lemma lborel_pair_swap:
  "distr (lborel \<Otimes>\<^sub>M lborel) (lborel \<Otimes>\<^sub>M lborel) (\<lambda>(u, v). (v, u))
   = (lborel \<Otimes>\<^sub>M lborel :: ('a::euclidean_space \<times> 'a) measure)"
  by (rule lborel_pair.distr_pair_swap[symmetric])

text \<open>The shear in the other coordinate is conjugate to the first by the swap.\<close>

lemma lborel_pair_shear_snd:
  fixes c :: real
  shows "distr (lborel \<Otimes>\<^sub>M lborel) (lborel \<Otimes>\<^sub>M lborel) (\<lambda>(u, v). (u, v + c *\<^sub>R u))
       = (lborel \<Otimes>\<^sub>M lborel :: ('a::euclidean_space \<times> 'a) measure)"
proof -
  let ?L = "lborel \<Otimes>\<^sub>M lborel :: ('a \<times> 'a) measure"
  let ?swap = "\<lambda>(u, v). (v, u) :: 'a \<times> 'a"
  let ?shear = "\<lambda>(u, v). (u + c *\<^sub>R v, v) :: 'a \<times> 'a"
  have swap: "?swap \<in> measurable ?L ?L" by measurable
  have shear: "?shear \<in> measurable ?L ?L" by measurable
  have "distr (distr (distr ?L ?L ?swap) ?L ?shear) ?L ?swap = distr ?L ?L (?swap \<circ> (?shear \<circ> ?swap))"
    by (simp only: distr_distr[OF shear swap] distr_distr[OF swap measurable_comp[OF swap shear]])
  also have "?swap \<circ> (?shear \<circ> ?swap) = (\<lambda>(u, v). (u, v + c *\<^sub>R u))"
    by (auto simp: fun_eq_iff)
  finally have "distr ?L ?L (\<lambda>(u, v). (u, v + c *\<^sub>R u)) = distr (distr (distr ?L ?L ?swap) ?L ?shear) ?L ?swap"
    by simp
  then show ?thesis
    by (simp only: lborel_pair_swap lborel_pair_shear_fst)
qed

definition rot :: "'a::real_vector \<times> 'a \<Rightarrow> 'a \<times> 'a" where
  "rot = (\<lambda>(u, v). ((sqrt 2 / 2) *\<^sub>R (u + v), (sqrt 2 / 2) *\<^sub>R (v - u)))"

lemma rot_eq_shears:
  "rot = (\<lambda>(u, v). (u + (sqrt 2 - 1) *\<^sub>R v, v)) \<circ> (\<lambda>(u, v). (u, v + (- (sqrt 2 / 2)) *\<^sub>R u))
          \<circ> (\<lambda>(u, v). (u + (sqrt 2 - 1) *\<^sub>R v, v))"
proof -
  let ?a = "sqrt 2 - 1" and ?b = "- (sqrt 2 / 2)" and ?s = "sqrt 2 / 2"
  have diag: "1 + ?a * ?b = ?s"
    by (simp add: algebra_simps) (simp add: field_simps)
  have offdiag: "?a + ?a + ?a * ?a * ?b = ?s"
    by (simp add: algebra_simps)
  have compose_fst: "u + a *\<^sub>R v + a *\<^sub>R (v + b *\<^sub>R (u + a *\<^sub>R v))
                   = (1 + a * b) *\<^sub>R u + (a + a + a * a * b) *\<^sub>R v" for a b :: real and u v :: 'a
    by (simp add: algebra_simps) (metis mult_2_right scaleR_left_distrib)
  have compose_snd: "v + b *\<^sub>R (u + a *\<^sub>R v) = b *\<^sub>R u + (1 + a * b) *\<^sub>R v" for a b :: real and u v :: 'a
    by (simp add: algebra_simps)
  have pointwise: "rot (u, v) = ((\<lambda>(u, v). (u + ?a *\<^sub>R v, v)) \<circ> (\<lambda>(u, v). (u, v + ?b *\<^sub>R u))
                               \<circ> (\<lambda>(u, v). (u + ?a *\<^sub>R v, v))) (u, v)" for u v :: 'a
  proof -
    have fst_eq: "u + ?a *\<^sub>R v + ?a *\<^sub>R (v + ?b *\<^sub>R (u + ?a *\<^sub>R v)) = ?s *\<^sub>R (u + v)"
      unfolding compose_fst by (simp only: diag offdiag scaleR_add_right)
    have snd_eq: "v + ?b *\<^sub>R (u + ?a *\<^sub>R v) = ?s *\<^sub>R (v - u)"
      unfolding compose_snd by (simp only: diag) (simp add: algebra_simps)
    show ?thesis using fst_eq snd_eq by (simp add: rot_def)
  qed
  show ?thesis
  proof (rule ext)
    fix p :: "'a \<times> 'a"
    show "rot p = ((\<lambda>(u, v). (u + ?a *\<^sub>R v, v)) \<circ> (\<lambda>(u, v). (u, v + ?b *\<^sub>R u))
                   \<circ> (\<lambda>(u, v). (u + ?a *\<^sub>R v, v))) p"
      using pointwise by (cases p) (simp only:)
  qed
qed

lemma rot_measurable[measurable]:
  "rot \<in> measurable (borel \<Otimes>\<^sub>M borel) (borel \<Otimes>\<^sub>M (borel :: ('a::euclidean_space) measure))"
  unfolding rot_def by measurable

lemma lborel_pair_rot:
  "distr (lborel \<Otimes>\<^sub>M lborel) (lborel \<Otimes>\<^sub>M lborel) rot = (lborel \<Otimes>\<^sub>M lborel :: ('a::euclidean_space \<times> 'a) measure)"
proof -
  let ?L = "lborel \<Otimes>\<^sub>M lborel :: ('a \<times> 'a) measure"
  let ?U = "(\<lambda>(u, v). (u + (sqrt 2 - 1) *\<^sub>R v, v)) :: 'a \<times> 'a \<Rightarrow> _"
  let ?V = "(\<lambda>(u, v). (u, v + (- (sqrt 2 / 2)) *\<^sub>R u)) :: 'a \<times> 'a \<Rightarrow> _"
  have U: "?U \<in> measurable ?L ?L" by measurable
  have V: "?V \<in> measurable ?L ?L" by measurable
  have "distr ?L ?L rot = distr (distr (distr ?L ?L ?U) ?L ?V) ?L ?U"
    by (simp only: rot_eq_shears distr_distr[OF V U] distr_distr[OF U measurable_comp[OF U V]] comp_assoc)
  also have "\<dots> = ?L"
    by (simp only: lborel_pair_shear_fst lborel_pair_shear_snd)
  finally show ?thesis .
qed

lemma product_density_rot_invariant:
  fixes \<phi> :: "'a::euclidean_space \<Rightarrow> ennreal"
  assumes [measurable]: "\<phi> \<in> borel_measurable borel"
    and sigma_finite: "sigma_finite_measure (density lborel \<phi>)"
    and invariant: "\<And>p. \<phi> (fst (rot p)) * \<phi> (snd (rot p)) = \<phi> (fst p) * \<phi> (snd p)"
  shows "distr (density lborel \<phi> \<Otimes>\<^sub>M density lborel \<phi>) (borel \<Otimes>\<^sub>M borel) rot
       = density lborel \<phi> \<Otimes>\<^sub>M density lborel \<phi>"
proof -
  let ?L = "lborel \<Otimes>\<^sub>M lborel :: ('a \<times> 'a) measure"
  define \<psi> where "\<psi> = (\<lambda>p::'a \<times> 'a. \<phi> (fst p) * \<phi> (snd p))"
  have [measurable]: "\<psi> \<in> borel_measurable ?L" unfolding \<psi>_def by measurable
  have \<psi>_rot: "\<psi> (rot p) = \<psi> p" for p unfolding \<psi>_def by (rule invariant)
  have product: "density lborel \<phi> \<Otimes>\<^sub>M density lborel \<phi> = density ?L \<psi>"
    unfolding \<psi>_def
    by (subst pair_measure_density) (auto simp: case_prod_beta' intro: sigma_finite lborel.sigma_finite_measure_axioms)
  have rot_L: "rot \<in> measurable ?L ?L" unfolding rot_def by measurable
  have sets_L: "sets ?L = sets (borel \<Otimes>\<^sub>M borel)" by (rule sets_pair_measure_cong) simp_all
  show ?thesis unfolding product
  proof (rule measure_eqI)
    fix E assume "E \<in> sets (distr (density ?L \<psi>) (borel \<Otimes>\<^sub>M borel) rot)"
    then have E[measurable]: "E \<in> sets ?L" by (simp add: sets_L)
    have "emeasure (distr (density ?L \<psi>) (borel \<Otimes>\<^sub>M borel) rot) E
        = emeasure (density ?L \<psi>) (rot -` E \<inter> space ?L)"
      using rot_L E by (subst emeasure_distr) (auto simp: sets_L measurable_cong_sets[OF _ sets_L])
    also have "\<dots> = (\<integral>\<^sup>+p. \<psi> p * indicator (rot -` E \<inter> space ?L) p \<partial>?L)"
      using measurable_sets[OF rot_L E] by (subst emeasure_density) (auto simp: mult.commute)
    also have "\<dots> = (\<integral>\<^sup>+p. \<psi> (rot p) * indicator E (rot p) \<partial>?L)"
      by (intro nn_integral_cong) (auto simp: \<psi>_rot space_pair_measure split: split_indicator)
    also have "\<dots> = (\<integral>\<^sup>+p. \<psi> p * indicator E p \<partial>(distr ?L ?L rot))"
      using rot_L by (subst nn_integral_distr) auto
    also have "\<dots> = emeasure (density ?L \<psi>) E"
      using E by (simp add: lborel_pair_rot emeasure_density mult.commute)
    finally show "emeasure (distr (density ?L \<psi>) (borel \<Otimes>\<^sub>M borel) rot) E = emeasure (density ?L \<psi>) E" .
  qed (simp add: sets_L)
qed
(* Let $R$ be a unital ring, let $\mathcal{F}_1\subseteq\mathcal{F}_2$ be Gabriel filters of right ideals of $R$, let $\Delta=\{\delta_n\}_{n\in\omega}$ be a higher derivation on $R$, let $M$ be a right $R$-module and $D=\{d_n\}_{n\in\omega}$ a higher $\Delta$-derivation on $M$. For $k=1,2$ let $\{d^{(k)}_n\}_{n\in\omega}$ be the (unique) higher $\Delta$-derivation on $M_{\mathcal{F}_k}$ extending $D$, i.e. with $d^{(k)}_n\circ q_k=q_k\circ d_n$ for all $n$. Then these extensions agree: $q_{12}\circ d^{(1)}_n=d^{(2)}_n\circ q_{12}$ for every $n$.
   Context: A Gabriel filter $\mathcal{F}$ corresponds to a hereditary torsion theory with torsion class $\mathcal{T}=\{N\mid \mathrm{ann}(x)\in\mathcal{F}\ \text{for all } x\in N\}$; $\mathcal{T}(M)$ denotes the largest torsion submodule of $M$. The module of quotients $M_{\mathcal{F}}$ is the largest submodule $N$ of the injective envelope $E(M/\mathcal{T}(M))$ with $N/(M/\mathcal{T}(M))$ torsion, and $q_M:M\to M_{\mathcal{F}}$ is the projection $M\to M/\mathcal{T}(M)$ followed by inclusion. Here $q_k=q_M:M\to M_{\mathcal{F}_k}$, and $q_{12}:M_{\mathcal{F}_1}\to M_{\mathcal{F}_2}$ is the canonical map induced by the inclusion $\mathcal{F}_1\subseteq\mathcal{F}_2$, satisfying $q_{12}q_1=q_2$. A higher derivation on $R$ is a family $\{\delta_n\}$ of additive maps with $\delta_0=\mathrm{id}_R$ and $\delta_n(rs)=\sum_{i=0}^n\delta_i(r)\delta_{n-i}(s)$; a higher $\Delta$-derivation on a right module $N$ is a family $\{d_n\}$ of additive maps with $d_0=\mathrm{id}_N$ and $d_n(xr)=\sum_{i=0}^n d_i(x)\delta_{n-i}(r)$. Every higher $\Delta$-derivation on $M$ extends uniquely to a higher $\Delta$-derivation on $M_{\mathcal{F}}$ commuting with $q_M$. *)

theory Defs
  imports "HOL-Algebra.Ideal"
begin

record ('a, 'b) rmodule = "'b ring" +
  rsmult :: "'b \<Rightarrow> 'a \<Rightarrow> 'b"  (infixl \<open>\<odot>\<index>\<close> 70)

definition right_module :: "('a, 'm) ring_scheme \<Rightarrow> ('a, 'b, 'c) rmodule_scheme \<Rightarrow> bool" where
  "right_module R M \<longleftrightarrow> ring R \<and> abelian_group M \<and>
     (\<forall>x\<in>carrier M. \<forall>r\<in>carrier R. x \<odot>\<^bsub>M\<^esub> r \<in> carrier M) \<and>
     (\<forall>x\<in>carrier M. \<forall>y\<in>carrier M. \<forall>r\<in>carrier R.
        (x \<oplus>\<^bsub>M\<^esub> y) \<odot>\<^bsub>M\<^esub> r = x \<odot>\<^bsub>M\<^esub> r \<oplus>\<^bsub>M\<^esub> y \<odot>\<^bsub>M\<^esub> r) \<and>
     (\<forall>x\<in>carrier M. \<forall>r\<in>carrier R. \<forall>s\<in>carrier R.
        x \<odot>\<^bsub>M\<^esub> (r \<oplus>\<^bsub>R\<^esub> s) = x \<odot>\<^bsub>M\<^esub> r \<oplus>\<^bsub>M\<^esub> x \<odot>\<^bsub>M\<^esub> s) \<and>
     (\<forall>x\<in>carrier M. \<forall>r\<in>carrier R. \<forall>s\<in>carrier R.
        x \<odot>\<^bsub>M\<^esub> (r \<otimes>\<^bsub>R\<^esub> s) = (x \<odot>\<^bsub>M\<^esub> r) \<odot>\<^bsub>M\<^esub> s) \<and>
     (\<forall>x\<in>carrier M. x \<odot>\<^bsub>M\<^esub> \<one>\<^bsub>R\<^esub> = x)"

definition submodule :: "('a, 'm) ring_scheme \<Rightarrow> 'b set \<Rightarrow> ('a, 'b, 'c) rmodule_scheme \<Rightarrow> bool" where
  "submodule R S M \<longleftrightarrow> S \<subseteq> carrier M \<and> \<zero>\<^bsub>M\<^esub> \<in> S \<and>
     (\<forall>x\<in>S. \<forall>y\<in>S. x \<oplus>\<^bsub>M\<^esub> y \<in> S) \<and> (\<forall>x\<in>S. \<ominus>\<^bsub>M\<^esub> x \<in> S) \<and>
     (\<forall>x\<in>S. \<forall>r\<in>carrier R. x \<odot>\<^bsub>M\<^esub> r \<in> S)"

definition rmod_hom :: "('a, 'm) ring_scheme \<Rightarrow> ('a, 'b, 'c) rmodule_scheme \<Rightarrow> ('a, 'd, 'e) rmodule_scheme
     \<Rightarrow> ('b \<Rightarrow> 'd) \<Rightarrow> bool" where
  "rmod_hom R M N f \<longleftrightarrow>
     (\<forall>x\<in>carrier M. f x \<in> carrier N) \<and>
     (\<forall>x\<in>carrier M. \<forall>y\<in>carrier M. f (x \<oplus>\<^bsub>M\<^esub> y) = f x \<oplus>\<^bsub>N\<^esub> f y) \<and>
     (\<forall>x\<in>carrier M. \<forall>r\<in>carrier R. f (x \<odot>\<^bsub>M\<^esub> r) = f x \<odot>\<^bsub>N\<^esub> r)"

definition right_ideal :: "'a set \<Rightarrow> ('a, 'm) ring_scheme \<Rightarrow> bool" where
  "right_ideal I R \<longleftrightarrow> additive_subgroup I R \<and> (\<forall>a\<in>I. \<forall>r\<in>carrier R. a \<otimes>\<^bsub>R\<^esub> r \<in> I)"

definition rquot :: "('a, 'm) ring_scheme \<Rightarrow> 'a set \<Rightarrow> 'a \<Rightarrow> 'a set" where
  "rquot R I a = {r \<in> carrier R. a \<otimes>\<^bsub>R\<^esub> r \<in> I}"

definition gabriel_filter :: "('a, 'm) ring_scheme \<Rightarrow> 'a set set \<Rightarrow> bool" where
  "gabriel_filter R F \<longleftrightarrow>
     (\<forall>I\<in>F. right_ideal I R) \<and> carrier R \<in> F \<and>
     (\<forall>I\<in>F. \<forall>J. right_ideal J R \<and> I \<subseteq> J \<longrightarrow> J \<in> F) \<and>
     (\<forall>I\<in>F. \<forall>J\<in>F. I \<inter> J \<in> F) \<and>
     (\<forall>I\<in>F. \<forall>a\<in>carrier R. rquot R I a \<in> F) \<and>
     (\<forall>I J. right_ideal I R \<and> J \<in> F \<and> (\<forall>a\<in>J. rquot R I a \<in> F) \<longrightarrow> I \<in> F)"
———
#### Try it:
If a line comes after the one containing "text \<open>The shear", leave it out; set down every line of the data before it, and that line itself, exactly.

#### Result for this task:
lemma lborel_pair_swap:
  "distr (lborel \<Otimes>\<^sub>M lborel) (lborel \<Otimes>\<^sub>M lborel) (\<lambda>(u, v). (v, u))
   = (lborel \<Otimes>\<^sub>M lborel :: ('a::euclidean_space \<times> 'a) measure)"
  by (rule lborel_pair.distr_pair_swap[symmetric])

text \<open>The shear in the other coordinate is conjugate to the first by the swap.\<close>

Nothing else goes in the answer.